(Collected data entries)
[Start of section]

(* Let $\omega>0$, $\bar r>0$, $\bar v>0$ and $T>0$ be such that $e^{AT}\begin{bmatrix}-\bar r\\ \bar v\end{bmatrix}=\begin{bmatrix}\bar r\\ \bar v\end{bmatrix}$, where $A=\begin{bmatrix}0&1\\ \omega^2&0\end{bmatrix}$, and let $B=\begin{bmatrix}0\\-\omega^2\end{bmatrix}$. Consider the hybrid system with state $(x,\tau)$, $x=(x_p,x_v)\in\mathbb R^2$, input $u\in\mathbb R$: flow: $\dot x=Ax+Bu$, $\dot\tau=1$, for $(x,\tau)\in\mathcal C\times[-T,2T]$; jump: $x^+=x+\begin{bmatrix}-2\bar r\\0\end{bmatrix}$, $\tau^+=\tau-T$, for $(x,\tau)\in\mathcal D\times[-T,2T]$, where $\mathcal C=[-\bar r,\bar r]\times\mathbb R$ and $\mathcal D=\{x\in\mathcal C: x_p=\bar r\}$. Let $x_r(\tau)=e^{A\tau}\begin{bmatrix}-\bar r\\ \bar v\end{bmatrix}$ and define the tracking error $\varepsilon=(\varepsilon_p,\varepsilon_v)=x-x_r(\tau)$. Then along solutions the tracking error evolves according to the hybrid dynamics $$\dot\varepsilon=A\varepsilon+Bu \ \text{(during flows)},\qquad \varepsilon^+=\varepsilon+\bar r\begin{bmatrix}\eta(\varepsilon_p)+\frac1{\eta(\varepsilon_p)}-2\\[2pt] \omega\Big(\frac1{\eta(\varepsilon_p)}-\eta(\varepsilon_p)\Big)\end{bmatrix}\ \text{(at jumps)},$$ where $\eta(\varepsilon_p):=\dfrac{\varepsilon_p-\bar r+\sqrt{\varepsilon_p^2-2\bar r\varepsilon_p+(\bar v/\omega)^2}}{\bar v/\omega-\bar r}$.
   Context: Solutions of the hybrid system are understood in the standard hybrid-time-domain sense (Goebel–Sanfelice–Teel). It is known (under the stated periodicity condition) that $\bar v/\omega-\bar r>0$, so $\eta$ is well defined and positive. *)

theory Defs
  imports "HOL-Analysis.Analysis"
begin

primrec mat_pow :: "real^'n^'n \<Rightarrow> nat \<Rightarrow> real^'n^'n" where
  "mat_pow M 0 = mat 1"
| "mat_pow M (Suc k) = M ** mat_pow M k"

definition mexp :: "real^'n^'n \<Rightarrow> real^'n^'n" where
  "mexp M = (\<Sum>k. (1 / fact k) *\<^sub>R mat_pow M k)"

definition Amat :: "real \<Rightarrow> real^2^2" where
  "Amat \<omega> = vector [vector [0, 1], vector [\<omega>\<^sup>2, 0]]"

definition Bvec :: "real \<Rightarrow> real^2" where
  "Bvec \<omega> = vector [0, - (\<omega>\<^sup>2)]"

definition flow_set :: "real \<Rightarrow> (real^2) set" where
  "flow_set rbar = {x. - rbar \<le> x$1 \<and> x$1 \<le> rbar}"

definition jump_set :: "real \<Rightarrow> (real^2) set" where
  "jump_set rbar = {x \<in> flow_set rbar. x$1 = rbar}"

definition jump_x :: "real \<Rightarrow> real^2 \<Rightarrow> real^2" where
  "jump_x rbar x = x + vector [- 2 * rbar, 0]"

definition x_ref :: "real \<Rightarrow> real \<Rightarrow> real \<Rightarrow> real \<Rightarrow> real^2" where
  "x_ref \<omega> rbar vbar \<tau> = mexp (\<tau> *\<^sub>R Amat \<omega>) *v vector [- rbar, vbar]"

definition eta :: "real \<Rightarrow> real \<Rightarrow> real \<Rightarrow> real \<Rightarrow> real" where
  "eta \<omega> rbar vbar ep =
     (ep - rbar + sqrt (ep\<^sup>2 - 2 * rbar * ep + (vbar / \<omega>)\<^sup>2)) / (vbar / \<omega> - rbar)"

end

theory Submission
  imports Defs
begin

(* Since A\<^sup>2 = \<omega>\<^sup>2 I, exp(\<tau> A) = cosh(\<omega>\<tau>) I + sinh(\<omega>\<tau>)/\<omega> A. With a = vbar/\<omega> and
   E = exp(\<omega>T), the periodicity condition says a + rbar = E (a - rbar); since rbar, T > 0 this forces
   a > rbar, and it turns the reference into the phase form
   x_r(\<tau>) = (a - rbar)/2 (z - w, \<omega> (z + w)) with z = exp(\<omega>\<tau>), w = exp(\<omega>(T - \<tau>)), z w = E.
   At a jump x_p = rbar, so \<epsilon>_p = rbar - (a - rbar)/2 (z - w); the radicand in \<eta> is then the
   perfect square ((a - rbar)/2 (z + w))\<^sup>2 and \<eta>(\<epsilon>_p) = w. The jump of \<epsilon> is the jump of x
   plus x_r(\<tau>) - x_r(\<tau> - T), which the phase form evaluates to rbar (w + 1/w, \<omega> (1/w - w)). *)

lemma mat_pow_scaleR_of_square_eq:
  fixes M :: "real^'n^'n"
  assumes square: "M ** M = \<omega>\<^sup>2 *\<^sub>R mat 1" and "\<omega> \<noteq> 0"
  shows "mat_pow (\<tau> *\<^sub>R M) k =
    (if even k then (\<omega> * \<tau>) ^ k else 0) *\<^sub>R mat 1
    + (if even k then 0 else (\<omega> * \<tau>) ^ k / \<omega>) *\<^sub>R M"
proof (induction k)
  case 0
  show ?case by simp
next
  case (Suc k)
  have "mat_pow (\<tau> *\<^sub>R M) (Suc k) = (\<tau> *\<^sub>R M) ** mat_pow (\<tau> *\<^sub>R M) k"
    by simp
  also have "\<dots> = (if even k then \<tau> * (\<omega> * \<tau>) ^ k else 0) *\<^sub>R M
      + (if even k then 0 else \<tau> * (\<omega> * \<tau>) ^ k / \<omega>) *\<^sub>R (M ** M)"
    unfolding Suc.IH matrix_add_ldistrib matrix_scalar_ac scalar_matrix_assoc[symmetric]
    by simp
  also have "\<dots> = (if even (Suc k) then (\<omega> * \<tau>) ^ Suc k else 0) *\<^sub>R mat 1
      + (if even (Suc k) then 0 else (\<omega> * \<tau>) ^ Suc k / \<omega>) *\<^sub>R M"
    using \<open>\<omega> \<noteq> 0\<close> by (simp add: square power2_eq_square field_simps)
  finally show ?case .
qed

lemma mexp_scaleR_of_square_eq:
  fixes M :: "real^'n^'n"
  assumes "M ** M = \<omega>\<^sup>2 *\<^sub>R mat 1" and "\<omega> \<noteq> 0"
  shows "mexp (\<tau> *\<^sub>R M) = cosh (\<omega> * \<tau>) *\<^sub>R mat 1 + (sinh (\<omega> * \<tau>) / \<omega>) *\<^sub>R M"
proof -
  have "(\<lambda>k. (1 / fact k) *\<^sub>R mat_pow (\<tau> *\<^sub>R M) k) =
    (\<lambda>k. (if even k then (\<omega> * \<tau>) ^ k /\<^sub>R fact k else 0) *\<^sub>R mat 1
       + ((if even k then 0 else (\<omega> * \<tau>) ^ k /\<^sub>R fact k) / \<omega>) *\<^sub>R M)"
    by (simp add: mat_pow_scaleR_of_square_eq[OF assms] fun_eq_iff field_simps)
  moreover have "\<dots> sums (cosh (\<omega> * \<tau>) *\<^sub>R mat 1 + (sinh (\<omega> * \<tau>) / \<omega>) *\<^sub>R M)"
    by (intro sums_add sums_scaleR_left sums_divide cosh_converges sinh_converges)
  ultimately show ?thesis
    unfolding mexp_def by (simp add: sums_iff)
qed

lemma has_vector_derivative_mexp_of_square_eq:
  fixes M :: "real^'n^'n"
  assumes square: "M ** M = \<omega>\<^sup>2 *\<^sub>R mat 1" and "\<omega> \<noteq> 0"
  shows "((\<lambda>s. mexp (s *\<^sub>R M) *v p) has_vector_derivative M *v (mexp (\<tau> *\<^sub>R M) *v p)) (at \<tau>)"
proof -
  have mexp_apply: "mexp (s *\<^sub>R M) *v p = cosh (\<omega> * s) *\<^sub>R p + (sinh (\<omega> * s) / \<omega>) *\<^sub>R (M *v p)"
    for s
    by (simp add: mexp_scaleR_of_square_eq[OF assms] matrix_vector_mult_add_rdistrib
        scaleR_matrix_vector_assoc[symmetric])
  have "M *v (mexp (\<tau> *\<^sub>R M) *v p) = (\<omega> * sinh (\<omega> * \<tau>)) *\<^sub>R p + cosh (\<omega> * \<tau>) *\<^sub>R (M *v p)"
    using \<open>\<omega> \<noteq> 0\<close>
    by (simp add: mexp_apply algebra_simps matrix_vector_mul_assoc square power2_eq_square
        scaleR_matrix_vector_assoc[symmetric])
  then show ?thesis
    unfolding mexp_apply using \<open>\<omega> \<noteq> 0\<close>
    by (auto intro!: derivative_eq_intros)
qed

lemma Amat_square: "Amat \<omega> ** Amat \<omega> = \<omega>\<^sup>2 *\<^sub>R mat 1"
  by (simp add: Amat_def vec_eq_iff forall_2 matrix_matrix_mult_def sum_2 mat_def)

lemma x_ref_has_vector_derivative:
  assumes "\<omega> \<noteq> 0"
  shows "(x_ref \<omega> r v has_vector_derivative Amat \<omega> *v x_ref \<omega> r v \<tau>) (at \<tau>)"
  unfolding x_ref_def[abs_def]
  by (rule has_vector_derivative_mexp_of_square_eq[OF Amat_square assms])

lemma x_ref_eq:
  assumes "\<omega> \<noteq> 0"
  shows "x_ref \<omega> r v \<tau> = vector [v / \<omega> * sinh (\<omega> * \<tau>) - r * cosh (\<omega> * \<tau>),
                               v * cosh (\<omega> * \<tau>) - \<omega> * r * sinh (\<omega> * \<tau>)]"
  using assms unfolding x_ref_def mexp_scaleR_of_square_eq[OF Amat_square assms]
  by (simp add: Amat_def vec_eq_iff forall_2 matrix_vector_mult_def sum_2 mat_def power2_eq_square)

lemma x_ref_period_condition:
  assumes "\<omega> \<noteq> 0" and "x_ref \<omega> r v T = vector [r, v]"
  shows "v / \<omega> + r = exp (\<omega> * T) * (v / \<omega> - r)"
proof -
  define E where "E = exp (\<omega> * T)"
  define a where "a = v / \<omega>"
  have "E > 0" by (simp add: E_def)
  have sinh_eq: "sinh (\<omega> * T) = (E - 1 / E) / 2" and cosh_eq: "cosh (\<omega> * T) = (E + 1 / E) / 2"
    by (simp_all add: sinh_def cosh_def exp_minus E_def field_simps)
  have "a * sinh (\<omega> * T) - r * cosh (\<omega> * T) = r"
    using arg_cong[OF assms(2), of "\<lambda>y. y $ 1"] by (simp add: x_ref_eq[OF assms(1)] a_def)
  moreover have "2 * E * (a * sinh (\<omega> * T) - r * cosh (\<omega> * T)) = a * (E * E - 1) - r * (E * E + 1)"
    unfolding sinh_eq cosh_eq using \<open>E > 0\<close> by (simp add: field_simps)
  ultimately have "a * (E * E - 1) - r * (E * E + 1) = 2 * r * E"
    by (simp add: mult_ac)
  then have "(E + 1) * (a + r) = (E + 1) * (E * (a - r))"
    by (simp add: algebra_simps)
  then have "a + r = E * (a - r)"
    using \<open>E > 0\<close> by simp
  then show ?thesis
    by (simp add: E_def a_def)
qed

[End of section]
[Start of section]

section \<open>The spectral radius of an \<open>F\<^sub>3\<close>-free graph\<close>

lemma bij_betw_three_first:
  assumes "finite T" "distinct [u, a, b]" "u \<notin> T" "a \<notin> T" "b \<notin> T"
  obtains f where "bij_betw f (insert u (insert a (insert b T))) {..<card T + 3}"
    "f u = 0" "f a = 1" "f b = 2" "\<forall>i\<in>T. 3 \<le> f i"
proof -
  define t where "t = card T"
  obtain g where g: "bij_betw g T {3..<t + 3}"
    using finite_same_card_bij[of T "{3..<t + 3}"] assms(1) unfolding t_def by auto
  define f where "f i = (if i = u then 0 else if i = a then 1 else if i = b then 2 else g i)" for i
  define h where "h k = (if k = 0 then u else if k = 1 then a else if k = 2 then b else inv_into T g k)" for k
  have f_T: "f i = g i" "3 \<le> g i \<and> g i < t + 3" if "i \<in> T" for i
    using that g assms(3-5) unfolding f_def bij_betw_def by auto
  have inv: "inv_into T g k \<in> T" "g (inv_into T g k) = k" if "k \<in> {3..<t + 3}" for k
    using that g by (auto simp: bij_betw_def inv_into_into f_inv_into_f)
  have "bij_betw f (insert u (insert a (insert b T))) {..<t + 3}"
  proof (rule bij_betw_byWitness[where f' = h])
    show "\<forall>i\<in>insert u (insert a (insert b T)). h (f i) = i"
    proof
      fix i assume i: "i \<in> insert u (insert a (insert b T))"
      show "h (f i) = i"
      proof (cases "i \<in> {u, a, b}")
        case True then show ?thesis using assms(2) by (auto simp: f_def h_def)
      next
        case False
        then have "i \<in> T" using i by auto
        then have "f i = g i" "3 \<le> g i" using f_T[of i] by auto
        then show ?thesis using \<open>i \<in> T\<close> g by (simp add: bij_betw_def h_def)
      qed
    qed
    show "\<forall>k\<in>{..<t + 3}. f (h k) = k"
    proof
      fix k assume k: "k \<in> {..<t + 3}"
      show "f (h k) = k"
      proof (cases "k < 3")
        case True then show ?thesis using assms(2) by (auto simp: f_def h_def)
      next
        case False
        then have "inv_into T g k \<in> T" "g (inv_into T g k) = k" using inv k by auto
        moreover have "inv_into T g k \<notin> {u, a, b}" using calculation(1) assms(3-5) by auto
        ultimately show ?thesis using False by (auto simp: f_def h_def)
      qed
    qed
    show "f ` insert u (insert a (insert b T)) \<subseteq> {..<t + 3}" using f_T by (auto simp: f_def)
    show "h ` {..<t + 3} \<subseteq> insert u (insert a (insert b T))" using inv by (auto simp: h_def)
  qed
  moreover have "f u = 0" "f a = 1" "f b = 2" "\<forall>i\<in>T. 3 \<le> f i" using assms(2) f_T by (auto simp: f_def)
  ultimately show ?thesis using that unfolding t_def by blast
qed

[End of section]

Task: Using the records above, find and show each line with the string "intro".

Task answer:
    by (intro sums_add sums_scaleR_left sums_divide cosh_converges sinh_converges)
    by (auto intro!: derivative_eq_intros)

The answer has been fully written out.